Oh the burden of question-writing. 'Tis weighing heavy this week, last week. Poor me. Poor me dripping with sarcasm (which is better than dripping with a lot of other stuff). Tempus fugit and it's already been a week since I trekked across the old German sea to participate in the European Quizzing Championships. And only afterwards, in the exhausted afterglow, did I realise how the preparation had trussed me up good and proper with nervousness and jittery agitation brought on by last year's four medal haul. The nagging fear that I wouldn't do as well lurked in the back of my mind, which was incredibly silly since merely winning a single Eurobauble of any metallic hue is a fine achievement. Bloody rubbish expectations created in my mind. All they do is kick you in the goolies when the reckoning rears its ugly, apocalyptic head. A bit of a metaphor cocktail for you there.
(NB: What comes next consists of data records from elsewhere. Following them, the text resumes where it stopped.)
section \<open>Symmetric \<open>2 \<times> 2\<close> matrices\<close>

lemma mat2_eq_iff:
  "(A::mat2) = B \<longleftrightarrow> A$1$1 = B$1$1 \<and> A$1$2 = B$1$2 \<and> A$2$1 = B$2$1 \<and> A$2$2 = B$2$2"
  by (auto simp: vec_eq_iff forall_2)

lemma matrix_mult_mat2_nth: "((A::mat2) ** B) $ i $ j = A$i$1 * B$1$j + A$i$2 * B$2$j"
  by (simp add: matrix_matrix_mult_def sum_2)

text \<open>For \<open>(s, t) = (cos \<theta>, sin \<theta>)\<close> this is the orthogonal projection onto the line spanned
  by \<open>(cos (\<theta>/2), sin (\<theta>/2))\<close>; \<open>line_proj (-s) (-t)\<close> projects onto its orthogonal complement.\<close>
definition line_proj :: "real \<Rightarrow> real \<Rightarrow> mat2" where
  "line_proj s t = (\<chi> i j. if i = 1 then (if j = 1 then (1 + s) / 2 else t / 2)
                             else (if j = 1 then t / 2 else (1 - s) / 2))"

lemma line_proj_nth:
  "line_proj s t $ 1 $ 1 = (1 + s) / 2" "line_proj s t $ 1 $ 2 = t / 2"
  "line_proj s t $ 2 $ 1 = t / 2" "line_proj s t $ 2 $ 2 = (1 - s) / 2"
  by (simp_all add: line_proj_def)

lemma spectral_decomp_line_proj:
  assumes "s\<^sup>2 + t\<^sup>2 = 1"
  shows "spectral_decomp (a *\<^sub>R line_proj s t + b *\<^sub>R line_proj (-s) (-t)) a b
           (line_proj s t) (line_proj (-s) (-t))"
proof -
  have t2: "t * t = 1 - s * s"
    using assms by (simp add: power2_eq_square)
  show ?thesis
    unfolding spectral_decomp_def sym_mat_def
    by (simp add: mat2_eq_iff matrix_mult_mat2_nth line_proj_nth transpose_def mat_def;
        simp add: field_simps t2)
qed

lemma spectral_decomp_exists:
  fixes A :: mat2
  assumes "sym_mat A"
  obtains a b P Q where "spectral_decomp A a b P Q"
proof -
  define a c b where "a = A$1$1" and "c = A$2$2" and "b = A$1$2"
  have b': "A$2$1 = b"
    using sym_mat_nth[OF assms] by (simp add: b_def)
  define d where "d = sqrt (((a - c) / 2)\<^sup>2 + b\<^sup>2)"
  show ?thesis
  proof (cases "d = 0")
    case True
    then have "a = c" "b = 0"
      by (auto simp: d_def power2_eq_square add_nonneg_eq_0_iff)
    then have "A = a *\<^sub>R line_proj 1 0 + c *\<^sub>R line_proj (-1) (-0)"
      using b' by (simp add: mat2_eq_iff line_proj_nth a_def b_def c_def)
    then show ?thesis
      using spectral_decomp_line_proj[of 1 0 a c] that by auto
  next
    case False
    moreover have "d \<ge> 0" by (simp add: d_def)
    ultimately have "d > 0" by simp
    define s t where "s = (a - c) / (2 * d)" and "t = b / d"
    have "d\<^sup>2 = ((a - c) / 2)\<^sup>2 + b\<^sup>2"
      by (simp add: d_def)
    then have "s\<^sup>2 + t\<^sup>2 = 1"
      using \<open>d > 0\<close> by (simp add: s_def t_def field_simps power2_eq_square)
    moreover have "A = ((a + c) / 2 + d) *\<^sub>R line_proj s t + ((a + c) / 2 - d) *\<^sub>R line_proj (-s) (-t)"
      using b' \<open>d > 0\<close> by (simp add: mat2_eq_iff line_proj_nth a_def b_def c_def s_def t_def field_simps)
    ultimately show ?thesis
      using spectral_decomp_line_proj that by metis
  qed
qed

lemma mlog_spectral_decomp:
  fixes M :: mat2
  assumes s: "spectral_decomp M a b P Q" and "a > 0" "b > 0"
  shows "mlog M = ln a *\<^sub>R P + ln b *\<^sub>R Q"
  unfolding mlog_def
proof (rule the_equality)
  have s_ln: "spectral_decomp (ln a *\<^sub>R P + ln b *\<^sub>R Q) (ln a) (ln b) P Q"
    by (rule spectral_decomp_recombine[OF s])
  show "sym_mat (ln a *\<^sub>R P + ln b *\<^sub>R Q) \<and> mexp (ln a *\<^sub>R P + ln b *\<^sub>R Q) = M"
    using spectral_decomp_sym[OF s_ln] mexp_spectral_decomp[OF s_ln] s \<open>a > 0\<close> \<open>b > 0\<close>
    by (simp add: spectral_decomp_def)
next
  fix L assume L: "sym_mat L \<and> mexp L = M"
  then obtain a' b' P' Q' where sL: "spectral_decomp L a' b' P' Q'"
    using spectral_decomp_exists by blast
  have "spectral_decomp M (exp a') (exp b') P' Q'"
    using spectral_decomp_mexp[OF sL] L by simp
  from spectral_decomp_fun_unique[OF s this, of ln]
  have "ln a *\<^sub>R P + ln b *\<^sub>R Q = a' *\<^sub>R P' + b' *\<^sub>R Q'" by simp
  also have "\<dots> = L"
    using sL by (simp add: spectral_decomp_def)
  finally show "L = ln a *\<^sub>R P + ln b *\<^sub>R Q" by simp
qed

lemma quad_form_mexp_pos:
  fixes A :: mat2
  assumes "sym_mat A" "v \<noteq> 0"
  shows "quad_form (mexp A) v > 0"
proof -
  obtain a b P Q where "spectral_decomp A a b P Q"
    using spectral_decomp_exists[OF assms(1)] .
  note q = quad_form_spectral_decomp[OF spectral_decomp_mexp[OF this], of v]
  have "quad_form P v > 0 \<or> quad_form Q v > 0"
    using q(2-4) \<open>v \<noteq> 0\<close> by auto
  then show ?thesis
    using q(1-3) by (auto intro: add_pos_nonneg add_nonneg_pos)
qed

lemma psd_mexp:
  fixes A :: mat2
  assumes "sym_mat A"
  shows "psd (mexp A)"
proof -
  obtain a b P Q where "spectral_decomp A a b P Q"
    using spectral_decomp_exists[OF assms] .
  then have "sym_mat (mexp A)"
    by (rule spectral_decomp_sym[OF spectral_decomp_mexp])
  moreover have "quad_form (mexp A) v \<ge> 0" for v
    using quad_form_mexp_pos[OF assms, of v] by (cases "v = 0") (auto simp: quad_form_def)
  ultimately show ?thesis
    by (simp add: psd_iff_quad_form)
qed

section \<open>Operator monotonicity of the logarithm\<close>

text \<open>\<open>G T = \<Sum> e\<^sub>i ln (p\<^sub>i + T) - \<Sum> f\<^sub>i ln (q\<^sub>i + T)\<close> has nonpositive derivative, and it tends
  to \<open>0\<close> as \<open>T \<rightarrow> \<infinity>\<close> because the weights have equal sums; hence \<open>G 0 \<ge> 0\<close>.\<close>
lemma weighted_ln_le_of_inverse_le:
  fixes p1 p2 q1 q2 e1 e2 f1 f2 :: real
  assumes pos: "p1 > 0" "p2 > 0" "q1 > 0" "q2 > 0"
    and weights: "e1 + e2 = f1 + f2"
    and inverse_le: "\<And>t. t \<ge> 0 \<Longrightarrow> e1 / (p1 + t) + e2 / (p2 + t) \<le> f1 / (q1 + t) + f2 / (q2 + t)"
  shows "f1 * ln q1 + f2 * ln q2 \<le> e1 * ln p1 + e2 * ln p2"
proof -
  define G where "G T = e1 * ln (p1 + T) + e2 * ln (p2 + T) - f1 * ln (q1 + T) - f2 * ln (q2 + T)"
    for T
  have antimono: "G T \<le> G 0" if "T \<ge> 0" for T
  proof (rule DERIV_nonpos_imp_nonincreasing[OF that])
    fix x :: real assume x: "0 \<le> x" "x \<le> T"
    have "DERIV G x :> e1 / (p1 + x) + e2 / (p2 + x) - f1 / (q1 + x) - f2 / (q2 + x)"
      unfolding G_def using pos x by (auto intro!: derivative_eq_intros simp: divide_inverse)
    then show "\<exists>y. DERIV G x :> y \<and> y \<le> 0"
      using inverse_le[OF x(1)] by force
  qed
  have ln_ratio: "((\<lambda>T. ln (c + T) - ln (1 + T)) \<longlongrightarrow> 0) at_top" if "c > 0" for c :: real
    using that by real_asymp
  have "G = (\<lambda>T. e1 * (ln (p1 + T) - ln (1 + T)) + e2 * (ln (p2 + T) - ln (1 + T))
              - f1 * (ln (q1 + T) - ln (1 + T)) - f2 * (ln (q2 + T) - ln (1 + T)))"
    using weights by (simp add: G_def fun_eq_iff algebra_simps) (metis distrib_right)
  moreover have "((\<lambda>T. e1 * (ln (p1 + T) - ln (1 + T)) + e2 * (ln (p2 + T) - ln (1 + T))
              - f1 * (ln (q1 + T) - ln (1 + T)) - f2 * (ln (q2 + T) - ln (1 + T)))
             \<longlongrightarrow> e1 * 0 + e2 * 0 - f1 * 0 - f2 * 0) at_top"
    using pos by (intro tendsto_intros ln_ratio)
  ultimately have "(G \<longlongrightarrow> 0) at_top"
    by simp
  then have "0 \<le> G 0"
    by (rule tendsto_upperbound) (auto intro: antimono eventually_ge_at_top[THEN eventually_mono])
  then show ?thesis
    by (simp add: G_def)
qed

text \<open>With \<open>u = A\<inverse> v\<close> and \<open>w = B\<inverse> v\<close>:
  \<open>0 \<le> \<langle>u - w, B (u - w)\<rangle> \<le> \<langle>u, A u\<rangle> - 2\<langle>u, v\<rangle> + \<langle>w, v\<rangle> = \<langle>w, v\<rangle> - \<langle>u, v\<rangle>\<close>.\<close>
lemma quad_form_inverse_antimono:
  fixes A A' B B' :: "real^'n^'n"
  assumes "sym_mat B" and inv: "A ** A' = mat 1" "B ** B' = mat 1"
    and le: "\<And>x. quad_form B x \<le> quad_form A x" and B_nonneg: "\<And>x. quad_form B x \<ge> 0"
  shows "quad_form A' v \<le> quad_form B' v"
proof -
  define u w where "u = A' *v v" and "w = B' *v v"
  have Au: "A *v u = v" and Bw: "B *v w = v"
    by (simp_all add: u_def w_def matrix_vector_mul_assoc inv)
  have "w \<bullet> (B *v u) = u \<bullet> v"
    using inner_matrix_sym[OF \<open>sym_mat B\<close>, of w u] Bw by (simp add: inner_commute)
  then have "quad_form B (u - w) = quad_form B u - 2 * (u \<bullet> v) + w \<bullet> v"
    by (simp add: quad_form_def matrix_vector_mult_diff_distrib inner_diff_left inner_diff_right Bw)
  also have "\<dots> \<le> quad_form A u - 2 * (u \<bullet> v) + w \<bullet> v"
    using le by simp
  also have "\<dots> = w \<bullet> v - u \<bullet> v"
    using Au by (simp add: quad_form_def)
  finally have "u \<bullet> v \<le> w \<bullet> v"
    using B_nonneg[of "u - w"] by simp
  then show ?thesis
    by (simp add: quad_form_def u_def w_def inner_commute)
qed

lemma quad_form_resolvent_antimono:
  fixes P Q :: "real^'n^'n"
  assumes sP: "spectral_decomp P p1 p2 E1 E2" and sQ: "spectral_decomp Q q1 q2 F1 F2"
    and pos: "p1 + t > 0" "p2 + t > 0" "q1 + t > 0" "q2 + t > 0"
    and le: "\<And>x. quad_form Q x \<le> quad_form P x"
  shows "quad_form E1 v / (p1 + t) + quad_form E2 v / (p2 + t)
           \<le> quad_form F1 v / (q1 + t) + quad_form F2 v / (q2 + t)"
proof -
  define Pt Qt where "Pt = (p1 + t) *\<^sub>R E1 + (p2 + t) *\<^sub>R E2"
    and "Qt = (q1 + t) *\<^sub>R F1 + (q2 + t) *\<^sub>R F2"
  define RP RQ where "RP = (1 / (p1 + t)) *\<^sub>R E1 + (1 / (p2 + t)) *\<^sub>R E2"
    and "RQ = (1 / (q1 + t)) *\<^sub>R F1 + (1 / (q2 + t)) *\<^sub>R F2"
  have shift: "quad_form (c1 *\<^sub>R G1 + c2 *\<^sub>R G2) x = quad_form M x + t * (x \<bullet> x)"
    if "spectral_decomp M m1 m2 G1 G2" "c1 = m1 + t" "c2 = m2 + t"
    for M G1 G2 :: "real^'n^'n" and m1 m2 c1 c2 x
    using quad_form_spectral_decomp[OF that(1), of x] that(2,3)
    by (simp add: quad_form_add quad_form_scaleR algebra_simps flip: distrib_left)
  have "quad_form RP v \<le> quad_form RQ v"
  proof (rule quad_form_inverse_antimono)
    show "sym_mat Qt"
      unfolding Qt_def by (rule spectral_decomp_sym[OF spectral_decomp_recombine[OF sQ]])
    show "Pt ** RP = mat 1" "Qt ** RQ = mat 1"
      using spectral_decomp_mult[OF sP] spectral_decomp_mult[OF sQ] sP sQ pos
      by (simp_all add: Pt_def RP_def Qt_def RQ_def spectral_decomp_def)
    show "quad_form Qt x \<le> quad_form Pt x" for x
      using shift[OF sQ, of "q1 + t" "q2 + t" x] shift[OF sP, of "p1 + t" "p2 + t" x] le[of x]
      by (simp add: Pt_def Qt_def)
    show "quad_form Qt x \<ge> 0" for x
      using quad_form_spectral_decomp[OF sQ, of x] pos
      by (simp add: Qt_def quad_form_add quad_form_scaleR)
  qed
  then show ?thesis
    by (simp add: RP_def RQ_def quad_form_add quad_form_scaleR)
qed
But not to worry - hurrah! - I came away with another quartet of trophies ... twas 200% more golden in colour, and there's no way I can write that sentence without feeling like a smug tossbucket and thinking you think exactly the same thing, only more so and with a sneer curling up your nonplussed face. All that brain-busting, insane prep I did; all those questions I reread until my mind felt like popping and I was on the verge of weeping like Gazza in a crisp advert. It all helped, um, marginally and I probably would have done just as well had I just sat back and relaxed, and maybe watched more Isabelle Adjani films (I'm having an accidental season of the said actress).

Anyway, it's a relief I feel, a big exhaling wooohhh of a "Thank god, that's done with for another year; I can stop with the silent screaming fits" feeling. Then I think back to all my proper, hardcore prep plans and wonder why I never - sorry - "actioned" them. Because, come to think of it, the last paragraph was pitted with lies. In reality, my prep was scatty and rubbish and vulnerable to distraction by film and TV DVDs. Rather than getting down to it with nary a fuss, eyes fixed resolutely on the prizes, I buggered about and just stressed, as inconsequentially as you can, about finding all the time I wanted for it, which was more hours than each day actually contains.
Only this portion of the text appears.